* [PROBLEM]: The answer must be every record below, repeated exactly.

Stored data:
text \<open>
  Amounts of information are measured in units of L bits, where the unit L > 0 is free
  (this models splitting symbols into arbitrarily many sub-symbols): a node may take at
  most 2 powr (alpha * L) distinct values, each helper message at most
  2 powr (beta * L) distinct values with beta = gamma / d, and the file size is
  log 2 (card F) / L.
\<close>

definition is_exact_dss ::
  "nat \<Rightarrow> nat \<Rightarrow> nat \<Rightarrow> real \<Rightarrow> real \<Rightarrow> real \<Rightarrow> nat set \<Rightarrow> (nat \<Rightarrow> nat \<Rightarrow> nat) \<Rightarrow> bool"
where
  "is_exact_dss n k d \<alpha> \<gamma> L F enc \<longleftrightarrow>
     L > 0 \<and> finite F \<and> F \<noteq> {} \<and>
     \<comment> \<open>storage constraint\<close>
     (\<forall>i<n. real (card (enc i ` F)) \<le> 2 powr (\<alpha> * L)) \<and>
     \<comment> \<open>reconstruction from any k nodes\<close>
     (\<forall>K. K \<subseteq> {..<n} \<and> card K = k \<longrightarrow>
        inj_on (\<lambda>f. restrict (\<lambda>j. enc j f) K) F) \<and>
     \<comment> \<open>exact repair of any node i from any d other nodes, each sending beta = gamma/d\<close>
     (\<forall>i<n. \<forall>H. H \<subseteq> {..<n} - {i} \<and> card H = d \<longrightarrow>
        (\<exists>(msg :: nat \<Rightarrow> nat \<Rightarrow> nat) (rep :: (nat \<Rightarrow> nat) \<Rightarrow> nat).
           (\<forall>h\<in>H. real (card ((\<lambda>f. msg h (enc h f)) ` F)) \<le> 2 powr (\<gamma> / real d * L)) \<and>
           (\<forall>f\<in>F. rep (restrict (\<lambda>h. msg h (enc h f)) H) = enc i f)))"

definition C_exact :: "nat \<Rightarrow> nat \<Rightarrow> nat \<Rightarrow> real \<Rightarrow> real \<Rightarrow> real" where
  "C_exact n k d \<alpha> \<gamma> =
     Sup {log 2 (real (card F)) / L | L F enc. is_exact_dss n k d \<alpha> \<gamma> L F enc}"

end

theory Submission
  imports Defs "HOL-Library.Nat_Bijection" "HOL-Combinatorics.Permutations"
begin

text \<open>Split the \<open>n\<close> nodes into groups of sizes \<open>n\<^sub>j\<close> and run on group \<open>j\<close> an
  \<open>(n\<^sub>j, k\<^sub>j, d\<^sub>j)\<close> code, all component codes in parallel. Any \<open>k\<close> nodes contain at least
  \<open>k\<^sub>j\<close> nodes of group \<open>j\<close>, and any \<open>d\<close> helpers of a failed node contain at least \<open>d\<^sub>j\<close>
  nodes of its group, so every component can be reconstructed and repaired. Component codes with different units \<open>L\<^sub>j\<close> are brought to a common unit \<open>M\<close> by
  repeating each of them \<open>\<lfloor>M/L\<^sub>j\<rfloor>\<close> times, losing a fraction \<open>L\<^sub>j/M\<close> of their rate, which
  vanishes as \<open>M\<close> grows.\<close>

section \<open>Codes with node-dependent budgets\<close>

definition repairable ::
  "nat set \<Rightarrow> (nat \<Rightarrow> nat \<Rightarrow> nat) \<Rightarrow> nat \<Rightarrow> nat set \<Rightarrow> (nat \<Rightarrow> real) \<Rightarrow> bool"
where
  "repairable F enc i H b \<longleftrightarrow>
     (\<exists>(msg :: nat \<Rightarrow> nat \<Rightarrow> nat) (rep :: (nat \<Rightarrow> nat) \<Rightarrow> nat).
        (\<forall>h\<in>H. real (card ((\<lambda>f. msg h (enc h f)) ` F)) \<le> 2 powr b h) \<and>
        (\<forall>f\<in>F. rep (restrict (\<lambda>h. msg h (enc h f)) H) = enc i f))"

* [RESPONSE TO THE TASK]:
text \<open>
  Amounts of information are measured in units of L bits, where the unit L > 0 is free
  (this models splitting symbols into arbitrarily many sub-symbols): a node may take at
  most 2 powr (alpha * L) distinct values, each helper message at most
  2 powr (beta * L) distinct values with beta = gamma / d, and the file size is
  log 2 (card F) / L.
\<close>

definition is_exact_dss ::
  "nat \<Rightarrow> nat \<Rightarrow> nat \<Rightarrow> real \<Rightarrow> real \<Rightarrow> real \<Rightarrow> nat set \<Rightarrow> (nat \<Rightarrow> nat \<Rightarrow> nat) \<Rightarrow> bool"
where
  "is_exact_dss n k d \<alpha> \<gamma> L F enc \<longleftrightarrow>
     L > 0 \<and> finite F \<and> F \<noteq> {} \<and>
     \<comment> \<open>storage constraint\<close>
     (\<forall>i<n. real (card (enc i ` F)) \<le> 2 powr (\<alpha> * L)) \<and>
     \<comment> \<open>reconstruction from any k nodes\<close>
     (\<forall>K. K \<subseteq> {..<n} \<and> card K = k \<longrightarrow>
        inj_on (\<lambda>f. restrict (\<lambda>j. enc j f) K) F) \<and>
     \<comment> \<open>exact repair of any node i from any d other nodes, each sending beta = gamma/d\<close>
     (\<forall>i<n. \<forall>H. H \<subseteq> {..<n} - {i} \<and> card H = d \<longrightarrow>
        (\<exists>(msg :: nat \<Rightarrow> nat \<Rightarrow> nat) (rep :: (nat \<Rightarrow> nat) \<Rightarrow> nat).
           (\<forall>h\<in>H. real (card ((\<lambda>f. msg h (enc h f)) ` F)) \<le> 2 powr (\<gamma> / real d * L)) \<and>
           (\<forall>f\<in>F. rep (restrict (\<lambda>h. msg h (enc h f)) H) = enc i f)))"

definition C_exact :: "nat \<Rightarrow> nat \<Rightarrow> nat \<Rightarrow> real \<Rightarrow> real \<Rightarrow> real" where
  "C_exact n k d \<alpha> \<gamma> =
     Sup {log 2 (real (card F)) / L | L F enc. is_exact_dss n k d \<alpha> \<gamma> L F enc}"

end

theory Submission
  imports Defs "HOL-Library.Nat_Bijection" "HOL-Combinatorics.Permutations"
begin

text \<open>Split the \<open>n\<close> nodes into groups of sizes \<open>n\<^sub>j\<close> and run on group \<open>j\<close> an
  \<open>(n\<^sub>j, k\<^sub>j, d\<^sub>j)\<close> code, all component codes in parallel. Any \<open>k\<close> nodes contain at least
  \<open>k\<^sub>j\<close> nodes of group \<open>j\<close>, and any \<open>d\<close> helpers of a failed node contain at least \<open>d\<^sub>j\<close>
  nodes of its group, so every component can be reconstructed and repaired. Component codes with different units \<open>L\<^sub>j\<close> are brought to a common unit \<open>M\<close> by
  repeating each of them \<open>\<lfloor>M/L\<^sub>j\<rfloor>\<close> times, losing a fraction \<open>L\<^sub>j/M\<close> of their rate, which
  vanishes as \<open>M\<close> grows.\<close>

section \<open>Codes with node-dependent budgets\<close>

definition repairable ::
  "nat set \<Rightarrow> (nat \<Rightarrow> nat \<Rightarrow> nat) \<Rightarrow> nat \<Rightarrow> nat set \<Rightarrow> (nat \<Rightarrow> real) \<Rightarrow> bool"
where
  "repairable F enc i H b \<longleftrightarrow>
     (\<exists>(msg :: nat \<Rightarrow> nat \<Rightarrow> nat) (rep :: (nat \<Rightarrow> nat) \<Rightarrow> nat).
        (\<forall>h\<in>H. real (card ((\<lambda>f. msg h (enc h f)) ` F)) \<le> 2 powr b h) \<and>
        (\<forall>f\<in>F. rep (restrict (\<lambda>h. msg h (enc h f)) H) = enc i f))"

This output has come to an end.